(Stored data entries)
········
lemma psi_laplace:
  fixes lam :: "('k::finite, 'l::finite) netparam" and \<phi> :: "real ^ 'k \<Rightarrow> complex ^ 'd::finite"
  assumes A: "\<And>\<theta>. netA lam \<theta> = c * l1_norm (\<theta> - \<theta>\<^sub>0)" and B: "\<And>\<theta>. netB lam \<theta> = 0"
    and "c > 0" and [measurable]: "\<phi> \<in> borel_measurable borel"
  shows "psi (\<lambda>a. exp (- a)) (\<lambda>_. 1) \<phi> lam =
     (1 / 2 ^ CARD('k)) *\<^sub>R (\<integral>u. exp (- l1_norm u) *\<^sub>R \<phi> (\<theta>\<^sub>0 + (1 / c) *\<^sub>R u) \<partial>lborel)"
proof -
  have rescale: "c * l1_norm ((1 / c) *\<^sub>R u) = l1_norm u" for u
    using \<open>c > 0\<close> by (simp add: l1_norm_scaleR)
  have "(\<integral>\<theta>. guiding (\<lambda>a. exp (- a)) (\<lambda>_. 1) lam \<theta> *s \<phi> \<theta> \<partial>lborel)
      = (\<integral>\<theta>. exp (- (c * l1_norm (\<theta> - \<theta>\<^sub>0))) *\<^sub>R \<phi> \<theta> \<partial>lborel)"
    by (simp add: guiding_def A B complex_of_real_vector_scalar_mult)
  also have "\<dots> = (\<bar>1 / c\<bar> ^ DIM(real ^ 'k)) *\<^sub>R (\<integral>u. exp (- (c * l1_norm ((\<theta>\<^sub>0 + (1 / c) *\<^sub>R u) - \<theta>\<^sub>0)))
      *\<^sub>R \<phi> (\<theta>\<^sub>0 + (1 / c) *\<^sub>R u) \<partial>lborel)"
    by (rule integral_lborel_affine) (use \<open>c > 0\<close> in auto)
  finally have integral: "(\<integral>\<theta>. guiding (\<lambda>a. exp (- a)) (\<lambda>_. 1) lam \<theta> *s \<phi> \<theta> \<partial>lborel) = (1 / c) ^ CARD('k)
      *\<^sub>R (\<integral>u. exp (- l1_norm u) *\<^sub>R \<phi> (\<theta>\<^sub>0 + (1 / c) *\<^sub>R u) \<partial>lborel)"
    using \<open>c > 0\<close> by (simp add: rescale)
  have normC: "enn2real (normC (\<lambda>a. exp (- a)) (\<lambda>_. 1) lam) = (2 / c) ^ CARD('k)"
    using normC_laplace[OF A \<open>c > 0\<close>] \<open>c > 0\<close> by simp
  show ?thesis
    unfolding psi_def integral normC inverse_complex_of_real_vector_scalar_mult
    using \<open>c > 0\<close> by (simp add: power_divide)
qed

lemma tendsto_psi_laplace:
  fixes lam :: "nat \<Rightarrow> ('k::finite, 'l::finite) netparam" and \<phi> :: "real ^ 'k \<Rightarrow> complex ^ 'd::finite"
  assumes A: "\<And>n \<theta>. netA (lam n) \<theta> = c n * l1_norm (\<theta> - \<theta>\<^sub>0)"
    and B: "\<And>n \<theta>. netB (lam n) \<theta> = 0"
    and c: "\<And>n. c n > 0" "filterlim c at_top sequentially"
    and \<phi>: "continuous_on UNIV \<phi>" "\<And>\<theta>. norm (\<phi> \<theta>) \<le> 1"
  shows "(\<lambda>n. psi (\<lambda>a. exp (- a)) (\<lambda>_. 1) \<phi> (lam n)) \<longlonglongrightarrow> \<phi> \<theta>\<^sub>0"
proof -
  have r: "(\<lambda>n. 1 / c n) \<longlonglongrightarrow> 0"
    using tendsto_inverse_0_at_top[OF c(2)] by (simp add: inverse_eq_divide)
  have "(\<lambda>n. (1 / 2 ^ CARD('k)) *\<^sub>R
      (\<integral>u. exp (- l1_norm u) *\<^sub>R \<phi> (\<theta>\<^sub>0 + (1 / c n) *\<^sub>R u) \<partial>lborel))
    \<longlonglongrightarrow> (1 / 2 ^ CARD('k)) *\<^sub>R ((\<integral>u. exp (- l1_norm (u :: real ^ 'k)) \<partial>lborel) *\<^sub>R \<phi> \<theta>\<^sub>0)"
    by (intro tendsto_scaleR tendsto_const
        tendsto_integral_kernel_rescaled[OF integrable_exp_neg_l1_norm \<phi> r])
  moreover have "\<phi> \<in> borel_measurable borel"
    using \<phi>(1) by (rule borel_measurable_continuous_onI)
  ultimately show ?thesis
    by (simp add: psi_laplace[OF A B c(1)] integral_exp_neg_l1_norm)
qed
········
* [Task statement]: Which lines in the data above contain "shows"? Show each one.

* [Output]:
  shows "psi (\<lambda>a. exp (- a)) (\<lambda>_. 1) \<phi> lam =
  shows "(\<lambda>n. psi (\<lambda>a. exp (- a)) (\<lambda>_. 1) \<phi> (lam n)) \<longlonglongrightarrow> \<phi> \<theta>\<^sub>0"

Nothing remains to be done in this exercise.